Aberkennung von Doktortiteln als "Jagdsport" auf akademische "Sünder"

  • Daniels:

    Du hast zitiert:

    "[...] dass die damalige Doktorantin systematisch und vorsätzlich über die gesamte Dissertation verteilt gedankliche Leistungen vorgab, die sie in Wirklichkeit nicht selbst erbracht hatte."
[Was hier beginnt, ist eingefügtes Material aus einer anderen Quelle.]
lemma lower_before_remove_nth:
  assumes p: "p < length w" and q: "q < length w - 1"
    and max: "\<And>i. i < length w \<Longrightarrow> w ! i \<le> w ! p"
  shows "lower_before (remove_nth p w) q = lower_before w (if q < p then q else Suc q)"
proof (cases "q < p")
  case True
  then have "take q (remove_nth p w) = take q w"
    using p by (simp add: remove_nth_def)
  with True show ?thesis
    using nth_remove_nth[OF p q] by (simp add: lower_before_def)
next
  case False
  have "take (Suc q) w = take (Suc q) (take p w @ w ! p # drop (Suc p) w)"
    using id_take_nth_drop[OF p] by simp
  also have "\<dots> = take p w @ take (Suc (q - p)) (w ! p # drop (Suc p) w)"
    using p False by (simp add: take_append min_def Suc_diff_le)
  finally have "take (Suc q) w = take p w @ w ! p # take (q - p) (drop (Suc p) w)"
    by simp
  moreover have "take q (remove_nth p w) = take p w @ take (q - p) (drop (Suc p) w)"
    using False p by (simp add: remove_nth_def take_append min_def)
  moreover have "Suc (w ! p) \<noteq> w ! Suc q"
    using max[of "Suc q"] q by linarith
  ultimately show ?thesis
    using False nth_remove_nth[OF p q] by (simp add: lower_before_def)
qed

lemma signature_remove_nth:
  assumes p: "p < length w" and max: "\<And>i. i < length w \<Longrightarrow> w ! i \<le> w ! p"
  shows "signature (remove_nth p w) = signature w - {#(w ! p, lower_before w p)#}"
proof -
  let ?sig = "\<lambda>w q. (w ! q, lower_before w q)"
  have "map (?sig (remove_nth p w)) [0..<length (remove_nth p w)] =
        remove_nth p (map (?sig w) [0..<length w])"
  proof (rule nth_equalityI)
    fix i
    assume "i < length (map (?sig (remove_nth p w)) [0..<length (remove_nth p w)])"
    then have i: "i < length w - 1" and "Suc i < length w"
      using p by (simp_all add: length_remove_nth)
    then show "map (?sig (remove_nth p w)) [0..<length (remove_nth p w)] ! i =
               remove_nth p (map (?sig w) [0..<length w]) ! i"
      using nth_remove_nth[OF p i] nth_remove_nth[of p "map (?sig w) [0..<length w]" i]
        lower_before_remove_nth[OF p i max] p
      by (simp add: length_remove_nth)
  qed (use p in \<open>simp add: length_remove_nth\<close>)
  then show ?thesis
    unfolding signature_def using mset_remove_nth[of p "map (?sig w) [0..<length w]"] p by simp
qed

lemma Max_signature:
  assumes "w \<noteq> []"
  shows "Max (set_mset (signature w)) = (Max (set w), lower_before w (last_max_pos w))"
proof (rule Max_eqI)
  show "finite (set_mset (signature w))"
    by simp
  show "(Max (set w), lower_before w (last_max_pos w)) \<in># signature w"
    using last_max_pos[OF assms] unfolding signature_def by force
  fix y
  assume "y \<in># signature w"
  then obtain q where q: "q < length w" "y = (w ! q, lower_before w q)"
    unfolding signature_def by auto
  show "y \<le> (Max (set w), lower_before w (last_max_pos w))"
  proof (cases "w ! q = Max (set w)")
    case True
    then have "q \<le> last_max_pos w"
      using last_max_pos(3)[OF assms, of q] q by (cases "last_max_pos w < q") auto
    then have "lower_before w q \<le> lower_before w (last_max_pos w)"
      unfolding lower_before_def using True last_max_pos(2)[OF assms]
      by (simp add: length_filter_take_mono)
    then show ?thesis
      using q True by simp
  next
    case False
    then show ?thesis
      using q by (simp add: order_less_le)
  qed
qed

lemma dyck_area_remove_nth:
  assumes w: "dyck_area w" and p: "p < length w"
    and descent: "Suc p < length w \<Longrightarrow> w ! Suc p < w ! p"
  shows "dyck_area (remove_nth p w)"
  unfolding dyck_area_iff_nth
proof (intro allI impI)
  have step: "\<And>i. i < length w \<Longrightarrow> w ! i \<le> (if i = 0 then 0 else Suc (w ! (i - 1)))"
    using w by (simp add: dyck_area_iff_nth)
  fix i
  assume "i < length (remove_nth p w)"
  then have i: "i < length w - 1"
    using p by (simp add: length_remove_nth)
  consider "i < p" | "i = p" | "p < i"
    by linarith
  then show "remove_nth p w ! i \<le> (if i = 0 then 0 else Suc (remove_nth p w ! (i - 1)))"
  proof cases
    case 1
    then show ?thesis
      using step[of i] nth_remove_nth[OF p i] nth_remove_nth[OF p, of "i - 1"] i p by auto
  next
    case 2
    then have "w ! Suc p < w ! p"
      using i descent by simp
    then show ?thesis
      using step[of p] nth_remove_nth[OF p i] nth_remove_nth[OF p, of "i - 1"] i p 2
      by (cases "p = 0") auto
  next
    case 3
    then show ?thesis
      using step[of "Suc i"] nth_remove_nth[OF p i] nth_remove_nth[OF p, of "i - 1"] i by auto
  qed
qed

definition reinsert_pos :: "nat list \<Rightarrow> nat \<Rightarrow> nat \<Rightarrow> nat \<Rightarrow> bool" where
  "reinsert_pos v M C p \<longleftrightarrow> p \<le> length v \<and> length (filter (\<lambda>a. Suc a = M) (take p v)) = C \<and>
     (\<forall>q. p \<le> q \<longrightarrow> q < length v \<longrightarrow> v ! q < M) \<and> (0 < p \<longrightarrow> M \<le> Suc (v ! (p - 1)))"

lemma reinsert_pos_unique:
  assumes "reinsert_pos v M C p1" and "reinsert_pos v M C p2"
  shows "p1 = p2"
proof -
  have False if p1: "reinsert_pos v M C p1" and p2: "reinsert_pos v M C p2" and "p1 < p2" for p1 p2
  proof -
    have l: "p2 - 1 < length v"
      using p2 \<open>p1 < p2\<close> unfolding reinsert_pos_def by auto
    then have "v ! (p2 - 1) < M" and "M \<le> Suc (v ! (p2 - 1))"
      using p1 p2 \<open>p1 < p2\<close> unfolding reinsert_pos_def by auto
    then have "length (filter (\<lambda>a. Suc a = M) (take p2 v)) =
               Suc (length (filter (\<lambda>a. Suc a = M) (take (p2 - 1) v)))"
      using take_Suc_conv_app_nth[OF l] \<open>p1 < p2\<close> by simp
    moreover have "length (filter (\<lambda>a. Suc a = M) (take p1 v)) \<le>
                   length (filter (\<lambda>a. Suc a = M) (take (p2 - 1) v))"
      using \<open>p1 < p2\<close> by (intro length_filter_take_mono) simp
    ultimately show False
      using p1 p2 unfolding reinsert_pos_def by simp
  qed
  with assms show ?thesis
    by (metis linorder_neqE_nat)
qed

lemma reinsert_pos_last_max_pos:
  assumes w: "dyck_area w" and "w \<noteq> []"
  shows "reinsert_pos (remove_nth (last_max_pos w) w) (Max (set w))
           (lower_before w (last_max_pos w)) (last_max_pos w)"
proof -
  let ?p = "last_max_pos w"
  let ?v = "remove_nth (last_max_pos w) w"
  note p = last_max_pos[OF \<open>w \<noteq> []\<close>]
  have "?p \<le> length ?v"
    using p(1) length_remove_nth[OF p(1)] by simp
  moreover have "length (filter (\<lambda>a. Suc a = Max (set w)) (take ?p ?v)) = lower_before w ?p"
    unfolding lower_before_def take_remove_nth p(2) ..
  moreover have "?v ! q < Max (set w)" if "?p \<le> q" "q < length ?v" for q
    using nth_remove_nth[OF p(1), of q] p(3)[of "Suc q"] that length_remove_nth[OF p(1)] by simp
  moreover have "Max (set w) \<le> Suc (?v ! (?p - 1))" if "0 < ?p"
    using w p(1,2) that nth_remove_nth[OF p(1), of "?p - 1"] by (auto simp: dyck_area_iff_nth)
  ultimately show ?thesis
    unfolding reinsert_pos_def by blast
qed


lemma size_signature [simp]: "size (signature w) = length w"
  by (simp add: signature_def)

lemma dyck_area_remove_last_max_pos:
  assumes "dyck_area w" and "w \<noteq> []"
  shows "dyck_area (remove_nth (last_max_pos w) w)"
  using assms(1) last_max_pos(1)[OF assms(2)]
proof (rule dyck_area_remove_nth)
  assume "Suc (last_max_pos w) < length w"
  then show "w ! Suc (last_max_pos w) < w ! last_max_pos w"
    using last_max_pos(3)[OF assms(2) lessI] last_max_pos(2)[OF assms(2)] by (simp only:)
qed

lemma signature_remove_last_max_pos:
  assumes "w \<noteq> []"
  shows "signature (remove_nth (last_max_pos w) w) = signature w - {#Max (set_mset (signature w))#}"
proof -
  have "w ! i \<le> w ! last_max_pos w" if "i < length w" for i
    using that last_max_pos(2)[OF assms] by simp
  then show ?thesis
    using signature_remove_nth[OF last_max_pos(1)[OF assms]] last_max_pos(2)[OF assms]
      Max_signature[OF assms]
    by simp
qed

theorem signature_inj:
  "dyck_area w1 \<Longrightarrow> dyck_area w2 \<Longrightarrow> signature w1 = signature w2 \<Longrightarrow> w1 = w2"
proof (induction "length w1" arbitrary: w1 w2)
  case 0
  moreover have "length w2 = length w1"
    using arg_cong[OF \<open>signature w1 = signature w2\<close>, of size] by simp
  ultimately show ?case
    by simp
next
  case (Suc N)
  have "length w2 = length w1"
    using arg_cong[OF Suc.prems(3), of size] by simp
  then have ne: "w1 \<noteq> []" "w2 \<noteq> []"
    using Suc.hyps(2) by auto
  define p1 where "p1 = last_max_pos w1"
  define p2 where "p2 = last_max_pos w2"
  note p1 = last_max_pos[OF ne(1), folded p1_def] and p2 = last_max_pos[OF ne(2), folded p2_def]
  have top: "(Max (set w1), lower_before w1 p1) = (Max (set w2), lower_before w2 p2)"
    unfolding p1_def p2_def Max_signature[OF ne(1), symmetric] Max_signature[OF ne(2), symmetric]
      Suc.prems(3) ..
  have rest: "remove_nth p1 w1 = remove_nth p2 w2"
  proof (rule Suc.hyps(1))
    show "N = length (remove_nth p1 w1)"
      using length_remove_nth[OF p1(1)] Suc.hyps(2) by simp
    show "dyck_area (remove_nth p1 w1)" and "dyck_area (remove_nth p2 w2)"
      unfolding p1_def p2_def using dyck_area_remove_last_max_pos Suc.prems(1,2) ne by auto
    show "signature (remove_nth p1 w1) = signature (remove_nth p2 w2)"
      unfolding p1_def p2_def signature_remove_last_max_pos[OF ne(1)]
        signature_remove_last_max_pos[OF ne(2)] Suc.prems(3) ..
  qed
  have "reinsert_pos (remove_nth p1 w1) (Max (set w1)) (lower_before w1 p1) p2"
    using reinsert_pos_last_max_pos[OF Suc.prems(2) ne(2), folded p2_def] rest top by simp
  with reinsert_pos_last_max_pos[OF Suc.prems(1) ne(1), folded p1_def] have "p1 = p2"
    by (rule reinsert_pos_unique)
  then show ?case
    using remove_nth_reinsert[OF p1(1)] remove_nth_reinsert[OF p2(1)] p1(2) p2(2) rest top
    by (metis prod.inject)
qed
lemma fan_outside_crossing:
  assumes "diag n i j" "diag n x y" "j \<le> x \<or> y \<le> i \<or> (i \<le> x \<and> y \<le> j)" "(i, j) \<noteq> (x, y)"
    and "w \<le> x \<or> y \<le> w" "w < n" "w \<notin> {i, j}"
  obtains z where "z \<le> x \<or> y \<le> z" "diagonal n {w, z}" "z \<notin> {i, j}"
    "(i < w \<and> w < j) \<noteq> (i < z \<and> z < j)"
proof -
  have ij: "i + 2 \<le> j" "j < n" "\<not> (i = 0 \<and> j = n - 1)" and xy: "x + 2 \<le> y" "y < n"
    using assms(1,2) unfolding diag_def by auto
  show thesis
  proof (cases "i < w \<and> w < j")
    case inside: True
    then have "w \<noteq> n - 1"
      using ij by linarith
    consider "j \<le> x" | "y \<le> i" | "i \<le> x" "y \<le> j" "0 < i" | "i = 0" "y \<le> j"
      using assms(3) by auto
    then show thesis
    proof cases
      case 1
      then show thesis
        using that[of y] inside ij xy by (auto simp: diagonal_min_max_iff diag_def)
    next
      case 2
      then show thesis
        using that[of x] inside \<open>w \<noteq> n - 1\<close> ij xy by (auto simp: diagonal_min_max_iff diag_def)
    next
      case 3
      then show thesis
        using that[of 0] inside \<open>w \<noteq> n - 1\<close> ij by (auto simp: diagonal_min_max_iff diag_def)
    next
      case 4
      then have "j < n - 1"
        using ij by auto
      with 4 show thesis
        using that[of "n - 1"] inside ij xy by (auto simp: diagonal_min_max_iff diag_def)
    qed
  next
    case outside: False
    show thesis
    proof (cases "i < x \<or> y \<le> i")
      case True
      have "i + 1 \<noteq> n - 1"
        using ij by linarith
      with True show thesis
        using that[of "i + 1"] outside assms(6,7) ij by (auto simp: diagonal_min_max_iff diag_def)
    next
      case False
      then have "i = x" "y < j" "j - 1 \<noteq> n - 1"
        using assms(3,4) ij xy by auto
      then show thesis
        using that[of "j - 1"] outside assms(6,7) ij by (auto simp: diagonal_min_max_iff diag_def)
    qed
  qed
qed

lemma double_fan_crossed:
  assumes xy: "diag n x y" and v: "x \<le> v" "v \<le> y" and w: "w \<le> x \<or> y \<le> w" "w < n"
    and ij: "diag n i j" "{i, j} \<notin> double_fan n x y v w"
  shows "\<exists>f\<in>double_fan n x y v w. cross {i, j} f \<or> cross f {i, j}"
proof -
  have "i < j" "x < y" "y < n"
    using ij(1) xy unfolding diag_def by auto
  have "(i, j) \<noteq> (x, y)"
    using ij(2) unfolding double_fan_def by auto
  have "diagonal n {i, j}"
    using ij(1) \<open>i < j\<close> diagonal_doubleton_iff by blast
  consider "interleave i j x y" | "x \<le> i" "j \<le> y" | "j \<le> x \<or> y \<le> i \<or> (i \<le> x \<and> y \<le> j)"
    unfolding interleave_def by linarith
  then show ?thesis
  proof cases
    case 1
    then show ?thesis
      using cross_either_iff_interleave[OF \<open>i < j\<close> \<open>x < y\<close>] unfolding double_fan_def by blast
  next
    case 2
    then have "v \<notin> {i, j}"
      using double_fan_memI(1)[OF \<open>diagonal n {i, j}\<close>, of v x y w] ij(2) \<open>i < j\<close> by auto
    then obtain z where "x \<le> z" "z \<le> y" "diagonal n {v, z}" "z \<notin> {i, j}"
      "(i < v \<and> v < j) \<noteq> (i < z \<and> z < j)"
      using fan_inside_crossing[OF ij(1) 2 \<open>(i, j) \<noteq> (x, y)\<close> \<open>y < n\<close> v] by blast
    then show ?thesis
      using cross_if_separated[OF \<open>i < j\<close> \<open>v \<notin> {i, j}\<close>] unfolding double_fan_def by blast
  next
    case 3
    then have "w \<notin> {i, j}"
      using double_fan_memI(2)[OF \<open>diagonal n {i, j}\<close>, of w x y v] ij(2) \<open>i < j\<close> by auto
    then obtain z where "z \<le> x \<or> y \<le> z" "diagonal n {w, z}" "z \<notin> {i, j}"
      "(i < w \<and> w < j) \<noteq> (i < z \<and> z < j)"
      using fan_outside_crossing[OF ij(1) xy 3 \<open>(i, j) \<noteq> (x, y)\<close> w] by blast
    then show ?thesis
      using cross_if_separated[OF \<open>i < j\<close> \<open>w \<notin> {i, j}\<close>] unfolding double_fan_def by blast
  qed
qed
    Ja, das mag schon stimmen, obwohl das sehr schwammig geschrieben ist. Aber wenn man ehrlich ist: Man kann nicht immer das Rad neu erfinden und ich will gar nicht wissen, wie viele hunderte andere Doktoren aus allen wissenschaftlichen Disziplinen es ähnlich gemacht haben.
    Teilweise gibt es auch Themen, in denen es kaum Literatur gibt. Als ich 2002 eine "kleine" Diplomarbeit an der WU Wien (die dann 304 Seiten stark wurde) zum Thema "Makenführung in der Industrie" schrieb, war es eine der ersten deutschsprachigen Arbeiten zu diesem Thema.
    2007 wurde die Arbeit dann zum zweiten Mal als Buch aufgelegt und war genau genommen veraltet, da es zwischenzeitlich gut einhundert neue Veröffentlichungen zu diesem Thema gab. Würde ich heute diese Arbeit schreiben, wüßte ich nicht, was ich neues schreiben könnte und müßte genau genommen auch die x-te Arbeit zum Thema "DIe Marke Red Bull" schreiben, eben nur auf die Industrie bezogen.
    (Zugegeben: Mein Fehler war, dass ich diesen "Starterbonus" nicht genügend ausgenutzt habe, sonst würde ich heute ein paar Cent mehr verdienen.)

    Viele Arbeiten sind nur kreatives "Abschreiben." Oder glaubst Du, dass wenn man in Bogenhofen die hundertfünfzigste Semesterarbeit über die Route des Exodus schreibt, dass das keine kreatives Abschreiben ist?

    Es ist in der Wissenschaft nicht immer alles neu. Im Gegenteil: Das Meiste wird übernommen, kritisch gewürdigt und manches verbessert.....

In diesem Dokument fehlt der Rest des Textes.